Он пересек мост через Марину — там, где накануне было сухое русло, забитое телегами беженцев, на четверть мили шириной несся кирпично-красный поток, — и повернул обратно в гостиницу мадам Мари, чтобы записать там все, что увидел. Телеграф не работал — все провода были оборваны. В конце концов он нашел итальянского полковника, который возвращался в Константинополь с союзной комиссией, и тот обещал ему отправить эту телеграмму на следующий же день.
Вечером у них произошел любопытный разговор с мадам Мари. Малярия трепала его еще сильнее, и хозяйка принесла ему бутылку тошнотворно сладкого фракийского вина — запивать хинин.
— Я не боюсь, что турки придут, — заявила мадам Мари.
— Почему? — спросил Хемингуэй.
— Вое они одинаковые. И греки, и турки, и болгары. — Она приняла стакан вина, который он ей предложил. — Я всех их видела. Все они владели Карагачем.
— Никто. Все они одинаковые. Сейчас здесь спят греческие офицеры, потом придут турецкие офицеры. Когда-нибудь вернутся греческие офицеры. Все они платят мне.
— А бедные люди, которые сейчас на дороге? — спросил он, не в состоянии избавиться от кошмара, который видел в тот день.
— Перестаньте, — пожала плечами мадам Мари, — с народом всегда так поступают. Вы знаете, у турок есть пословица. У них есть хорошие пословицы. «Виноват не только топор, но и дерево».
Последнюю статью, в которой он изложил все, что увидел в Адрианополе, он написал в поезде и отправил в Торонто, проезжая через Софию.
«В комфортабельном поезде, когда ужасы эвакуации из Фракии позади, — писал он, — все виденное уже начинает казаться нереальным. Это преимущество нашей памяти.
Из Адрианополя я уже писал об эвакуации. Не нужно возвращаться к этому опять. Эвакуация все еще продолжается. Не важно, сколько времени потребуется этому письму, чтобы дойти до Торонто; когда вы будете читать его в «Стар», вы можете быть уверены, что та же ужасающая, волочащаяся процессия людей, изгнанных из своих домов, продолжает непрерывной лентой двигаться по дороге в Македонию. Нужно очень много времени, чтобы ушло четверть миллиона людей».

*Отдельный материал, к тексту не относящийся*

(* The category $\mathbb S^{\mathrm{m},\mathbb P}_r$ is $\mathbf{Ord}$-enriched, i.e. its sequential composition $;$ is monotone in both arguments with respect to the orders on hom-sets. Moreover, the sum $\oplus$ and the trace operator $\mathrm{tr}$ are monotone.
   Context: Notation: $[k]=\{1,\dots,k\}$; $T(X)=X+\mathbb R\times X+\{\exists^*,\forall^*\}$; diagrammatic composition. $\mathbb S^{\mathrm{m},\mathbb P}_r$ has natural numbers as objects; an arrow $f:m\to n$ is a function $f:[m]\to T([n])$ such that for all $i\ne j$ in $[m]$, $f(i)\notin[n]$ or $f(j)\notin\{f(i)\}\cup\mathbb R\times\{f(i)\}$. On $T([n])$ let $\le$ be the least order with $(r_1,i)\le(r_2,i)$ whenever $r_1\ge r_2$ and $i\in[n]$, $\exists^*\le z$ and $z\le\forall^*$ for all $z\in T([n])$; hom-sets are ordered pointwise ($f\le g$ iff $f(i)\le g(i)$ for all $i$). Operations: $(f;g)(i)=f(i)$ if $f(i)\in\{\exists^*,\forall^*\}$; $g(j)$ if $f(i)=j\in[l]$; $g(j)$ if $f(i)=(r,j)$ and $g(j)\in\{\exists^*,\forall^*\}$; $(r,k)$ if $f(i)=(r,j)$, $g(j)=k$; $(r+r',k)$ if $f(i)=(r,j)$, $g(j)=(r',k)$. $(f\oplus g)(i)=f(i)$ ($i\le m$), $(f\oplus g)(m+i)$ is $g(i)$ with its index $j$ (if any) shifted to $n+j$ (for $f:m\to n$). Trace of $f:l+m\to l+n$ at $i\in[m]$: $v_0=l+i$; if $j=0$ or $v_j\in[l]$ then $v_{j+1}=f(v_j)$; if $v_j=(r,k)$, $k\in[l]$, then $v_{j+1}=f(k)$; otherwise stop at $v_j$. If finite $(v_0,..,v_K)$ and $S$ is the sum of first components of $v_j\in\mathbb R\times[l+n]$, $1\le j\le K$: value $v_K$ if $v_K\in\{\exists^*,\forall^*\}$; $k$ if $v_K=l+k$ and $v_j\in[l]$ for $1\le j<K$; $(S,k)$ if $v_K=l+k$ and some earlier $v_j\in\mathbb R\times[l]$; $(S,k)$ if $v_K=(r,l+k)$. If infinite, with $w'_1,w'_2,..$ the first components of the (infinitely many) entries in $\mathbb R\times[l]$: $\exists^*$ if $\liminf_N\frac1N\sum_{t\le N}w'_t\ge0$, else $\forall^*$. *)

theory Defs
  imports "HOL-Analysis.Analysis"
begin

text \<open>Elements of T([n]) = [n] + R x [n] + {Ex*, All*}; indices are natural numbers,
  membership in [n] = {1..n} is imposed by the predicate inT.\<close>
datatype tval = Var nat | Wt real nat | ExS | AllS

definition inT :: "nat \<Rightarrow> tval \<Rightarrow> bool" where
  "inT n v = (case v of Var k \<Rightarrow> k \<in> {1..n} | Wt r k \<Rightarrow> k \<in> {1..n} | _ \<Rightarrow> True)"

text \<open>Arrows m -> n: functions on [m] (values outside [m] are irrelevant) into T([n])
  satisfying the linearity side condition.\<close>
definition arrow :: "nat \<Rightarrow> nat \<Rightarrow> (nat \<Rightarrow> tval) \<Rightarrow> bool" where
  "arrow m n f \<longleftrightarrow>
     (\<forall>i\<in>{1..m}. inT n (f i)) \<and>
     (\<forall>i\<in>{1..m}. \<forall>j\<in>{1..m}. i \<noteq> j \<longrightarrow>
        (\<forall>k. f i = Var k \<longrightarrow> f j \<noteq> Var k \<and> (\<forall>r. f j \<noteq> Wt r k)))"

definition tle :: "tval \<Rightarrow> tval \<Rightarrow> bool" where
  "tle x y \<longleftrightarrow> x = y \<or> x = ExS \<or> y = AllS \<or>
     (\<exists>r1 r2 i. x = Wt r1 i \<and> y = Wt r2 i \<and> r1 \<ge> r2)"

definition hle :: "nat \<Rightarrow> (nat \<Rightarrow> tval) \<Rightarrow> (nat \<Rightarrow> tval) \<Rightarrow> bool" where
  "hle m f g \<longleftrightarrow> (\<forall>i\<in>{1..m}. tle (f i) (g i))"

definition seqc :: "(nat \<Rightarrow> tval) \<Rightarrow> (nat \<Rightarrow> tval) \<Rightarrow> (nat \<Rightarrow> tval)" where
  "seqc f g = (\<lambda>i. case f i of
       ExS \<Rightarrow> ExS
     | AllS \<Rightarrow> AllS
     | Var j \<Rightarrow> g j
     | Wt r j \<Rightarrow> (case g j of ExS \<Rightarrow> ExS | AllS \<Rightarrow> AllS
                   | Var k \<Rightarrow> Wt r k | Wt r' k \<Rightarrow> Wt (r + r') k))"

definition shiftT :: "nat \<Rightarrow> tval \<Rightarrow> tval" where
  "shiftT n v = (case v of Var j \<Rightarrow> Var (n + j) | Wt r j \<Rightarrow> Wt r (n + j) | x \<Rightarrow> x)"

definition osum :: "nat \<Rightarrow> nat \<Rightarrow> (nat \<Rightarrow> tval) \<Rightarrow> (nat \<Rightarrow> tval) \<Rightarrow> (nat \<Rightarrow> tval)" where
  "osum m n f g = (\<lambda>i. if i \<le> m then f i else shiftT n (g (i - m)))"

definition contL :: "nat \<Rightarrow> tval \<Rightarrow> bool" where
  "contL l v = (case v of Var k \<Rightarrow> k \<in> {1..l} | Wt r k \<Rightarrow> k \<in> {1..l} | _ \<Rightarrow> False)"

definition idxT :: "tval \<Rightarrow> nat" where
  "idxT v = (case v of Var k \<Rightarrow> k | Wt r k \<Rightarrow> k | _ \<Rightarrow> 0)"

definition wtT :: "tval \<Rightarrow> real" where
  "wtT v = (case v of Wt r k \<Rightarrow> r | _ \<Rightarrow> 0)"

definition isVar :: "tval \<Rightarrow> bool" where
  "isVar v = (case v of Var k \<Rightarrow> True | _ \<Rightarrow> False)"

Через Триест он вернулся в Париж. Осенний сезон был в разгаре, скачки в Отейле были особенно хороши, в кафе можно было встретить кучу знакомых, а он не мог отделаться от своих воспоминаний. Память о человеческих страданиях терзала его.
Спустя 30 лет Хемингуэй писал: «Я помню, как я вернулся домой с Ближнего Востока с совершенно разбитым сердцем и в Париже старался решить, должен ли я посвятить всю свою жизнь, пытаясь сделать что-нибудь с этим, или стать писателем. И я решил, холодный, как змий, стать писателем и всю свою жизнь писать так правдиво, как смогу».
Вот он — ключ к общественной и творческой позиции Хемингуэя, заповедь, которой он уже не изменял никогда.
Он хотел помочь людям, хотел бороться против подавления человеческой личности, против превращения человека в удобрение для истории.
Можно смело утверждать, что ни одна журналистская командировка Хемингуэя не дала для его становления как писателя так много, как поездка на Ближний Восток. Впечатления, вынесенные им из этой поездки, послужили ему материалом для лучших рассказов его первой книги. Не случайно Хемингуэй говорил впоследствии своему другу Малькольму Каули, что он «по-настоящему узнал про войну» на Ближнем Востоке. Эти впечатления очень помогли ему при работе над романом «Прощай, оружие!» — не увидев своими глазами, что такое отступление разбитой армии, он вряд ли смог бы с такой силой и достоверностью описать отступление итальянской армии под Капоретто.
Все они хотят мира. — Что такое мир?
Э. Хемингуэй, Из стихов
Итак, он опять был в Париже, стояла прекрасная осень, и было много развлечений. О своих переживаниях и впечатлениях после Ближнего Востока он никому не рассказывал.
Впрочем, в Париже ему удалось провести всего несколько недель. Новая телеграмма Джона Боуна предлагала ему выехать в Лозанну, где собиралась международная конференция, которой предстояло урегулировать греко-турецкий конфликт.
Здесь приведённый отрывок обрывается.